# Notebook 1: Extract Z-scored LFP

### Overview
This Jupyter notebook focuses on extracting local field potential (LFP) traces from Spikegadgets `.rec` files, specifically for neuroscience research related to social competition trials. The notebook includes procedures for preprocessing and synchronizing raw electrophysiology data with corresponding video data and computes various metrics, including Z-scored LFPs.

### Inputs & Data Sources
- **Electrophysiology and LFP Parameters**: Constants like `EPHYS_SAMPLING_RATE`, `LFP_SAMPLING_RATE`, `TRIAL_DURATION`, etc., define basic parameters for LFP data processing.
- **Recording Information**: Stream IDs (`ECU_STREAM_ID`, `TRODES_STREAM_ID`), recording extension (`RECORDING_EXTENSION`), and paths to recording directories (`ALL_SESSION_DIR`).
- **DataFrames for Mapping and Timestamps**: `CHANNEL_MAPPING_DF` for channel mapping, and `TONE_TIMESTAMP_DF` for tone timestamps, loaded from external sources.
- **Constants for DataFrame Columns**: Names for various columns in the DataFrame, defined in an all-caps snake case format, such as `EPHYS_INDEX_COL`, `LFP_INDEX_COL`, etc.

### Output & Utility
- **Processed Data**: The notebook outputs processed data, particularly the Z-scored LFP traces, which are critical for further analysis in neuroscience research.
- **Data Files**: Outputs are saved in various formats (`CSV`, `Pickle`) in a specified output directory (`OUTPUT_DIR`).
- **Visualization**: While not explicitly mentioned, the notebook has the potential for data visualization (plots) based on processed LFP data.

### Processing Workflow
1. **LFP Extraction and Preprocessing**: 
    - Iterates through recording sessions to process `.rec` files.
    - Applies a series of preprocessing steps like bandpass filtering, notch filtering, resampling, and Z-scoring on the LFP data.
    - Exception handling for cases where the recording doesn't contain specified stream IDs.
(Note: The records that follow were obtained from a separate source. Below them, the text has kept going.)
(* Let $\tau$ be a counterclockwise permutation for monotone linear functions $f_1,\dots,f_n$. Then the cyclic sequence $(f^{\tau_0},f^{\tau_1},\dots,f^{\tau_{n-1}})$ of composites of the shifts of $\tau$ is unimodal.
   Context: A linear function is $f(x)=ax+b$; monotone means $a>0$; identical means $f(x)=x$. $\vec f=(b,1-a)^\top$ and $\theta(f)\in[0,2\pi)$ is its polar angle ($\bot$ if $\vec f=0$). For a permutation $\sigma$ of $[n]$, $f^\sigma=f_{\sigma(n)}\circ\cdots\circ f_{\sigma(1)}$; all $f^\sigma$ have the same slope, so they are totally ordered by the pointwise order. $\sigma$ is counterclockwise if, after discarding positions $i$ with $f_{\sigma(i)}$ identical, there is $k$ with $\theta(f_{\sigma(k)})\le\cdots\le\theta(f_{\sigma(n)})\le\theta(f_{\sigma(1)})\le\cdots\le\theta(f_{\sigma(k-1)})$. The $k$-shift ($k=0,\dots,n-1$) is $\tau_k(i)=\tau(i+k)$ for $i\le n-k$ and $\tau_k(i)=\tau(i+k-n)$ otherwise ($\tau_0=\tau$). A cyclic sequence $(x_0,\dots,x_{n-1})$ in a totally ordered set (indices mod $n$) is unimodal if there are $k,\ell$ with $x_k\le x_{k+1}\le\cdots\le x_\ell\ge x_{\ell+1}\ge\cdots\ge x_{k-1}\ge x_k$. *)

theory Defs
  imports Complex_Main
begin

definition lin_fun :: "real \<times> real \<Rightarrow> real \<Rightarrow> real" where
  "lin_fun p = (\<lambda>x. fst p * x + snd p)"

definition monotone_lin :: "real \<times> real \<Rightarrow> bool" where
  "monotone_lin p \<longleftrightarrow> fst p > 0"

definition identical_lin :: "real \<times> real \<Rightarrow> bool" where
  "identical_lin p \<longleftrightarrow> lin_fun p = id"

definition lin_vec :: "real \<times> real \<Rightarrow> real \<times> real" where
  "lin_vec p = (snd p, 1 - fst p)"

definition polar_angle :: "real \<times> real \<Rightarrow> real option" where
  "polar_angle v = (if v = (0, 0) then None else
     Some (THE t. 0 \<le> t \<and> t < 2 * pi \<and>
             fst v = sqrt ((fst v)\<^sup>2 + (snd v)\<^sup>2) * cos t \<and>
             snd v = sqrt ((fst v)\<^sup>2 + (snd v)\<^sup>2) * sin t))"

definition theta :: "real \<times> real \<Rightarrow> real option" where
  "theta p = polar_angle (lin_vec p)"

fun comp_upto :: "(nat \<Rightarrow> real \<times> real) \<Rightarrow> (nat \<Rightarrow> nat) \<Rightarrow> nat \<Rightarrow> real \<Rightarrow> real" where
  "comp_upto f \<sigma> 0 = id"
| "comp_upto f \<sigma> (Suc m) = lin_fun (f (\<sigma> (Suc m))) \<circ> comp_upto f \<sigma> m"

definition composite :: "(nat \<Rightarrow> real \<times> real) \<Rightarrow> nat \<Rightarrow> (nat \<Rightarrow> nat) \<Rightarrow> real \<Rightarrow> real" where
  "composite f n \<sigma> = comp_upto f \<sigma> n"

definition counterclockwise :: "(nat \<Rightarrow> real \<times> real) \<Rightarrow> nat \<Rightarrow> (nat \<Rightarrow> nat) \<Rightarrow> bool" where
  "counterclockwise f n \<sigma> \<longleftrightarrow>
     (let L = [the (theta (f (\<sigma> i))). i \<leftarrow> [1..<n+1], \<not> identical_lin (f (\<sigma> i))]
      in \<exists>k. sorted (rotate k L))"

definition shift :: "nat \<Rightarrow> (nat \<Rightarrow> nat) \<Rightarrow> nat \<Rightarrow> nat \<Rightarrow> nat" where
  "shift n \<tau> k i = (if i \<le> n - k then \<tau> (i + k) else \<tau> (i + k - n))"

definition cyclic_unimodal :: "nat \<Rightarrow> (nat \<Rightarrow> 'a::order) \<Rightarrow> bool" where
  "cyclic_unimodal n x \<longleftrightarrow>
     (\<exists>k<n. \<exists>l<n.
        (\<forall>j < (l + n - k) mod n. x ((k + j) mod n) \<le> x ((k + j + 1) mod n)) \<and>
        (\<forall>j. (l + n - k) mod n \<le> j \<and> j < n \<longrightarrow> x ((k + j) mod n) \<ge> x ((k + j + 1) mod n)))"

end

theory Submission
  imports Defs
begin

(*
  All composites f^{\<tau>_k} have the same slope A, so they are ordered by their intercepts
  X_k = f^{\<tau>_k}(0). Moving the first factor g(x) = a x + b of \<tau>_k to the end conjugates the
  composite by g, whence X_{k+1} = a X_k + b (1 - A). Thus X_{k+1} - X_k is the cross product of the
  vector (b, 1 - a) of g with the point (X_k, 1 - A), and has the sign of its cross product with
  (X_{k+1}, 1 - A) as well. Between a rise of X and the next fall (or vice versa), the point, taken with
  the sign of the first of these steps, therefore has polar angle strictly between the angles of the
  two vectors responsible. The points (X_k, 1 - A) all lie in one open half plane (unless X vanishes),
  so the sign of sin(\<mu> - \<gamma>) at those angles changes at most twice while the vector angles
  sweep once around the circle, as counterclockwise order guarantees. Hence X cannot rise, fall, rise
  and fall within one period, which is unimodality.
*)

section \<open>Polar coordinates in the plane\<close>

definition cross2 :: "real \<times> real \<Rightarrow> real \<times> real \<Rightarrow> real" where
  "cross2 u w = fst u * snd w - snd u * fst w"

lemma cross2_polar:
  "cross2 (r1 * cos a, r1 * sin a) (r2 * cos b, r2 * sin b) = r1 * r2 * sin (b - a)"
  unfolding cross2_def by (simp add: sin_diff algebra_simps)

lemma polar_form:
  fixes w :: "real \<times> real"
  defines "r \<equiv> sqrt ((fst w)\<^sup>2 + (snd w)\<^sup>2)"
  assumes "w \<noteq> (0, 0)"
  obtains t where "r > 0" "0 \<le> t" "t < 2 * pi" "w = (r * cos t, r * sin t)"
proof -
  have "(fst w)\<^sup>2 + (snd w)\<^sup>2 > 0"
    using assms(2) by (cases w) (auto simp: sum_power2_gt_zero_iff)
  hence r_pos: "r > 0" and r_sq: "r\<^sup>2 = (fst w)\<^sup>2 + (snd w)\<^sup>2"
    unfolding r_def by simp_all
  have "(fst w / r)\<^sup>2 + (snd w / r)\<^sup>2 = ((fst w)\<^sup>2 + (snd w)\<^sup>2) / r\<^sup>2"
    by (simp add: power_divide add_divide_distrib)
  hence "(fst w / r)\<^sup>2 + (snd w / r)\<^sup>2 = 1"
    using r_pos by (simp add: r_sq[symmetric])
  then obtain t where "0 \<le> t" "t < 2 * pi" "fst w / r = cos t" "snd w / r = sin t"
    using sincos_total_2pi by metis
  with r_pos show thesis
    using that[of t] by (cases w) (auto simp: field_simps)
qed

lemma polar_angle_SomeE:
  fixes w :: "real \<times> real"
  defines "r \<equiv> sqrt ((fst w)\<^sup>2 + (snd w)\<^sup>2)"
  assumes "w \<noteq> (0, 0)"
  obtains t where "r > 0" "polar_angle w = Some t" "0 \<le> t" "t < 2 * pi" "w = (r * cos t, r * sin t)"
proof -
  define P where "P t \<longleftrightarrow> 0 \<le> t \<and> t < 2 * pi \<and> fst w = r * cos t \<and> snd w = r * sin t" for t
  obtain t0 where "r > 0" and t0: "0 \<le> t0" "t0 < 2 * pi" "w = (r * cos t0, r * sin t0)"
    using polar_form[OF assms(2)] unfolding r_def by blast
  hence "r \<noteq> 0"
    by simp
  have "t = t0" if "P t" for t
  proof -
    have "sin t = sin t0 \<and> cos t = cos t0"
      using that t0 \<open>r \<noteq> 0\<close> unfolding P_def by auto
    then obtain k :: int where k: "t = t0 + 2 * pi * of_int k"
      using sin_cos_eq_iff by blast
    with that t0 have "pi * of_int k < pi * 1" "pi * (-1) < pi * of_int k"
      unfolding P_def by linarith+
    hence "of_int k < (1::real)" "(-1::real) < of_int k"
      using mult_less_cancel_left_pos[OF pi_gt_zero] by blast+
    thus ?thesis using k by simp
  qed
  moreover have "P t0"
    using t0 unfolding P_def by auto
  ultimately have "(THE t. P t) = t0"
    by (rule the_equality[rotated])
  hence "polar_angle w = Some t0"
    using assms(2) unfolding polar_angle_def P_def r_def by simp
  with \<open>r > 0\<close> t0 show thesis using that by blast
qed

lemma angle_in_period_offset:
  fixes y :: real
  obtains k :: int where "0 \<le> y + 2 * pi * of_int k" "y + 2 * pi * of_int k < 2 * pi"
proof -
  define k where "k = - \<lfloor>y / (2 * pi)\<rfloor>"
  have "- of_int k \<le> y / (2 * pi)" "y / (2 * pi) < - of_int k + 1"
    unfolding k_def by linarith+
  hence "- 2 * pi * of_int k \<le> y" "y < 2 * pi * (- of_int k + 1)"
    by (simp_all add: field_simps)
  thus thesis using that[of k] by (simp add: algebra_simps)
qed

lemma sin_cos_add_2pi_nat: "sin (x + 2 * pi * real k) = sin x" "cos (x + 2 * pi * real k) = cos x"
  using sin_cos_eq_iff[of "x + 2 * pi * real k" x] by (metis of_int_of_nat_eq)+

lemma sin_pos_in_period_imp:
  assumes "0 \<le> x" "x < 2 * pi" "sin x > 0"
  shows "0 < x \<and> x < pi"
proof -
  have "x \<noteq> 0" "\<not> pi \<le> x"
    using assms sin_le_zero[of x] by auto
  thus ?thesis using assms by linarith
qed

lemma angle_between_of_sin_signs:
  assumes "sin (\<phi> - \<alpha>) > 0" "sin (\<phi> - \<beta>) < 0" "\<alpha> \<le> \<beta>" "\<beta> \<le> \<alpha> + 2 * pi"
  obtains \<mu> where "\<alpha> < \<mu>" "\<mu> < \<beta>" "cos \<mu> = cos \<phi>" "sin \<mu> = sin \<phi>"
proof -
  obtain k :: int where k: "0 \<le> \<phi> - \<alpha> + 2 * pi * of_int k" "\<phi> - \<alpha> + 2 * pi * of_int k < 2 * pi"
    using angle_in_period_offset by blast
  define \<mu> where "\<mu> = \<phi> + 2 * pi * of_int k"
  have "sin (\<mu> - y) = sin (\<phi> - y)" for y
  proof -
    have "sin (\<mu> - y) = sin ((\<phi> - y) + 2 * pi * of_int k)"
      unfolding \<mu>_def by (simp add: algebra_simps)
    also have "\<dots> = sin (\<phi> - y)"
      by (simp add: sin_add)
    finally show ?thesis .
  qed
  with assms k have "0 < \<mu> - \<alpha>" "\<mu> - \<alpha> < pi" "sin (\<mu> - \<beta>) < 0"
    using sin_pos_in_period_imp[of "\<mu> - \<alpha>"] unfolding \<mu>_def by auto
  moreover from this have "\<mu> < \<beta>"
    using sin_ge_zero[of "\<mu> - \<beta>"] assms(3,4) by force
  moreover have "cos \<mu> = cos \<phi>" "sin \<mu> = sin \<phi>"
    unfolding \<mu>_def by (simp_all add: sin_add cos_add)
  ultimately show thesis using that by auto
qed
2. **DataFrame Manipulation and Merging**:
    - Filtering `TONE_TIMESTAMP_DF` for trials with obtained LFP.
    - Addition of trial numbers and merging with `CHANNEL_MAPPING_DF`.
    - Dropping unnecessary columns and restructuring for analysis.

3. **LFP Trace Extraction for Each Trial and Brain Region**: 
    - Linking LFP calculations with trials.
    - Creating new rows for each brain region, extracting baseline, trial, and combined LFP traces.
    - Results in a comprehensive DataFrame that combines trial information with corresponding LFP traces.

4. **Data Storage**:
    - Saving processed DataFrame in both `CSV` and `Pickle` formats for easy access and future use.

### Usage Notes
- The notebook is project-specific and tailored for a particular dataset structure, requiring modifications for different data formats.
- Users should ensure file paths and directory names match their project's structure and adjust constants and parameters as needed for their specific analysis requirements.
- The notebook forms a part of a larger research framework, thus necessitating compatibility checks with other components of the project.

### Dependencies
- Python Libraries: `sys`, `os`, `glob`, `numpy`, `pandas`, `spikeinterface`
- External Data: Channel mapping and tone timestamp files, along with Spikegadgets `.rec` files.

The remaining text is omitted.